Unsere Bundeslandwirtschaftsministerin hat diese Woche Schlagzeilen gemacht, mit Schleichwerbung für eine Handelskette. Mich hat jedoch noch mehr geärgert, was sie bei ihrem Auftritt mit Lafer gekocht hat: Fleisch, bei dessen Erzeugung gerade mal die gesetzlichen Mindeststandards eingehalten werden. Vorbild geht anders…

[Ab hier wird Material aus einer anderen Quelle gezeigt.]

lemma block_supported_eqI:
  "block_supported d A \<Longrightarrow> block_supported d B \<Longrightarrow> (\<And>i j. i < d \<Longrightarrow> j < d \<Longrightarrow> A i j = B i j) \<Longrightarrow> A = B"
  unfolding block_supported_def by (intro ext) metis

lemma matmul_mblock_left: "i < d \<Longrightarrow> matmul d (mblock d T) X i j = matmul d T X i j"
  by (auto simp: matmul_def mblock_def intro!: sum.cong)

lemma matmul_mblock_right: "j < d \<Longrightarrow> matmul d X (mblock d T) i j = matmul d X T i j"
  by (auto simp: matmul_def mblock_def intro!: sum.cong)

lemma mblock_in_block: "i < d \<Longrightarrow> j < d \<Longrightarrow> mblock d T i j = T i j"
  by (simp add: mblock_def)

lemma matmul_mblock_outer:
  "i < d \<Longrightarrow> j < d \<Longrightarrow> matmul d (matmul d (mblock d T) X) (mblock d T) i j = matmul d (matmul d T X) T i j"
  by (auto simp: matmul_def mblock_def intro!: sum.cong)

lemma matmul_mblock_middle: "matmul d (matmul d X (mblock d T)) Y = matmul d (matmul d X T) Y"
  unfolding matmul_def by (intro ext sum.cong refl) (simp add: mblock_def)

lemma is_pinv_iff_penrose: "is_pinv d T X \<longleftrightarrow> block_supported d X \<and> penrose d (mblock d T) X"
proof -
  let ?A = "mblock d T"
  have in_block: "(\<forall>i<d. \<forall>j<d. P i j = Q i j) \<longleftrightarrow> P = Q"
    if "block_supported d P" "block_supported d Q" for P Q
    using block_supported_eqI[OF that] by auto
  have "block_supported d X \<Longrightarrow>
      (\<forall>i<d. \<forall>j<d. matmul d (matmul d T X) T i j = T i j) \<longleftrightarrow> matmul d (matmul d ?A X) ?A = ?A"
    by (subst in_block[symmetric])
      (auto simp: block_supported_matmul block_supported_mblock matmul_mblock_outer mblock_in_block)
  moreover have "block_supported d X \<Longrightarrow>
      (\<forall>i<d. \<forall>j<d. matmul d (matmul d X T) X i j = X i j) \<longleftrightarrow> matmul d (matmul d X ?A) X = X"
    by (subst in_block[symmetric]) (auto simp: block_supported_matmul_outer matmul_mblock_middle)
  moreover have "block_supported d X \<Longrightarrow>
      (\<forall>i<d. \<forall>j<d. matmul d T X i j = matmul d T X j i) \<longleftrightarrow> mtranspose (matmul d ?A X) = matmul d ?A X"
    by (subst in_block[symmetric])
      (auto simp: block_supported_matmul block_supported_mblock block_supported_mtranspose
        matmul_mblock_left mtranspose_apply)
  moreover have "block_supported d X \<Longrightarrow>
      (\<forall>i<d. \<forall>j<d. matmul d X T i j = matmul d X T j i) \<longleftrightarrow> mtranspose (matmul d X ?A) = matmul d X ?A"
    by (subst in_block[symmetric])
      (auto simp: block_supported_matmul block_supported_mblock block_supported_mtranspose
        matmul_mblock_right mtranspose_apply)
  ultimately show ?thesis
    unfolding is_pinv_def penrose_def block_supported_def[of d X, symmetric] by blast
qed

Gerade diese Woche wäre ein guter Zeitpunkt gewesen, ein Zeichen zu setzen, gegen Billigfleisch: Bei Müller Fleisch, laut Wikipedia einer der zehn größten Rinder- und Schweineschlachtbetriebe in Deutschland, haben sich ein Drittel der 900 Mitarbeiter in den Bereichen Schlachtung, Zerlegung und Verpackung mit dem Corona-Virus infiziert. Im Schlachthof von Bad Bramstedt des Fleischriesen Vion sind 51 Mitarbeiter Corona-positiv. Überraschend ist das nicht. Denn kaum eine Gruppe Arbeitnehmer lebt und arbeitet unter ähnlich prekären Bedingungen, wie jene, die unser Billigfleisch schlachten und konfektionieren.
Aktualisierung
Deutschland als Schlachthaus Europas
Es ist schon ein paar Jahre her, dass ich für die Sendung quer einen Film über die Zustände in deutschen Schlachthöfen gemacht habe. Schon damals kamen die meisten Fleischhauer dort aus Rumänien. Damals noch für den rumänischen Mindestlohn von etwa 170 Euro pro Monat. Heute arbeiten sie immerhin zum deutschen Mindestlohn. Sonst hat sich nicht viel geändert. In einer Mitarbeiterwohnung von Müller Fleisch in der Nähe von Pforzheim leben 16 Personen in einer Vierzimmerwohnung. 7 Quadratmeter pro Person – dass man da über Abstand gar nicht mehr reden muss, ist ziemlich offensichtlich. Diese Zustände sind keine besonders krasse Ausnahme – in Niedersachsen etwa gibt es eine Vorschrift, dass pro Arbeiter in einer Unterkunft 8 Quadratmeter Nutzfläche vorhanden sein müssen, keine wirkliche Verbesserung. Etliche europäische Hersteller von Fleischwaren lassen in Deutschland schlachten, weil das bei uns so kostengünstig läuft.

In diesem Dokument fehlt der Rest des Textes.